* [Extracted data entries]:
(* Let $n\ge2$ and let $A=(a_{ij})_{i,j=1}^n:\mathbb{R}^n\to\mathbb{M}_n$ be a matrix-valued function with Lipschitz continuous coefficients for which there exist $\lambda,\eta>0$ such that: (i) $a_{ij}(x)=a_{ji}(x)$ for every $x$ and all $i,j$; (ii) $a_{ij}(x)\xi_i\zeta_j\le\lambda^{-1}|\xi||\zeta|$ for every $x,\xi,\zeta\in\mathbb{R}^n$; (iii) $a_{ij}(x)\xi_i\xi_j\ge\lambda|\xi|^2$ for every $x,\xi\in\mathbb{R}^n$; (iv) $|\nabla a_{ij}(x)|\le\eta$ for a.e. $x$ and all $i,j$. Define $\mu:\mathbb{R}^n\setminus\{0\}\to[\lambda,\lambda^{-1}]$ and $Z:\mathbb{R}^n\setminus\{0\}\to\mathbb{R}^n$ by $$\mu(x) = \frac{A(x)x\cdot x}{|x|^2},\qquad Z(x) = \frac{A(x)x}{\mu(x)}.$$ If $A(0)=I$, then there exist constants $c_1,c_2,c_3>0$, depending only on $n$ and $\lambda$, such that for every $r>0$ and a.e. $x\in B_r$, $$\left|\operatorname{div}[A(x)x]\,\mu(x)^{-1} - n\right|\le c_1\eta r,\qquad \left|\delta_{ik}-\partial_i Z_k(x)\right|\le c_2\eta r \ \text{ for all } i,k,\qquad |\operatorname{div}Z(x) - n|\le c_3\eta r.$$
   Context: Summation over repeated indices is used; $\delta_{ik}$ is the Kronecker delta; $B_r$ is the open ball of radius $r$ centered at the origin. *)

theory Defs
  imports "HOL-Analysis.Analysis"
begin

definition vpartial :: "(real^'n \<Rightarrow> real^'n) \<Rightarrow> 'n \<Rightarrow> 'n \<Rightarrow> real^'n \<Rightarrow> real" where
  "vpartial F i k x = (frechet_derivative F (at x) (axis i 1)) $ k"

definition divergence :: "(real^'n \<Rightarrow> real^'n) \<Rightarrow> real^'n \<Rightarrow> real" where
  "divergence F x = (\<Sum>i\<in>UNIV. vpartial F i i x)"

definition mu_fun :: "(real^'n \<Rightarrow> real^'n^'n) \<Rightarrow> real^'n \<Rightarrow> real" where
  "mu_fun A x = ((A x *v x) \<bullet> x) / (norm x)^2"

definition Z_fun :: "(real^'n \<Rightarrow> real^'n^'n) \<Rightarrow> real^'n \<Rightarrow> real^'n" where
  "Z_fun A x = (1 / mu_fun A x) *\<^sub>R (A x *v x)"

end

theory Submission
  imports Defs
begin

(* Each coefficient a_ij is Lipschitz with gradient bounded by eta almost everywhere, hence it is
   eta-Lipschitz. The almost-everywhere information suffices after averaging over a small cube:
   along the segment from y to x the difference quotients of a_ij converge a.e. to directional
   derivatives of size at most eta |x - y| and are dominated by the Lipschitz constant, so the
   cube averages at x and at y differ by at most eta |x - y| times the volume. With A(0) = I this
   gives |a_ij(x) - delta_ij| <= eta |x|.

   At a point x /= 0 where all a_ij are differentiable, the derivatives of A(y)y, mu and
   Z = A(y)y / mu are explicit. Each deviation from the values for A = I carries a factor
   A(x) - I = O(eta |x|) or a derivative of A = O(eta), while ellipticity keeps mu >= lam and
   |A(x)x| <= |x| / lam; hence all deviations are O(eta |x|) with constants depending only on
   n and lam. *)

section \<open>Lipschitz bound from an almost-everywhere derivative bound\<close>

lemma LIMSEQ_difference_quotient:
  fixes f :: "'a::real_normed_vector \<Rightarrow> real"
  assumes "(f has_derivative D) (at u)"
  shows "(\<lambda>m. real (Suc m) * (f (u + (1 / real (Suc m)) *\<^sub>R v) - f u)) \<longlonglongrightarrow> D v"
proof -
  have "((\<lambda>t. u + t *\<^sub>R v) has_derivative (\<lambda>t. t *\<^sub>R v)) (at 0)"
    by (auto intro!: derivative_eq_intros)
  moreover have "(f has_derivative D) (at ((\<lambda>t. u + t *\<^sub>R v) 0))"
    using assms by simp
  ultimately have "((\<lambda>t. f (u + t *\<^sub>R v)) has_derivative (\<lambda>t. D (t *\<^sub>R v))) (at 0)"
    by (rule has_derivative_compose)
  moreover have "linear D"
    using assms has_derivative_linear by blast
  then have "(\<lambda>t. D (t *\<^sub>R v)) = (*) (D v)"
    by (auto simp: linear_scale)
  ultimately have "((\<lambda>t. f (u + t *\<^sub>R v)) has_field_derivative D v) (at 0)"
    by (simp add: has_field_derivative_def)
  then have "((\<lambda>t. (f (u + t *\<^sub>R v) - f u) / t) \<longlongrightarrow> D v) (at 0)"
    by (simp add: has_field_derivative_iff)
  moreover have "(\<lambda>m. 1 / real (Suc m)) \<longlonglongrightarrow> 0"
    using LIMSEQ_inverse_real_of_nat by (simp add: inverse_eq_divide)
  ultimately have "((\<lambda>t. (f (u + t *\<^sub>R v) - f u) / t) \<circ> (\<lambda>m. 1 / real (Suc m))) \<longlonglongrightarrow> D v"
    unfolding tendsto_at_iff_sequentially by auto
  then show ?thesis by (simp add: o_def mult.commute)
qed

lemma norm_le_DIM_mult_if_mem_cube:
  fixes z :: "'a::euclidean_space"
  assumes "z \<in> cbox (- (\<rho> *\<^sub>R One)) (\<rho> *\<^sub>R One)"
  shows "norm z \<le> real DIM('a) * \<rho>"
proof -
  have "(\<Sum>i\<in>Basis. \<bar>z \<bullet> i\<bar>) \<le> (\<Sum>i\<in>(Basis::'a set). \<rho>)"
    using assms by (intro sum_mono) (auto simp: mem_box abs_le_iff)
  then show ?thesis using norm_le_l1[of z] by simp
qed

* [What needs to be done]: Scanning the data above, count the lines in which the string "shows" occurs and state only the count.

* [Reply to the task]: 2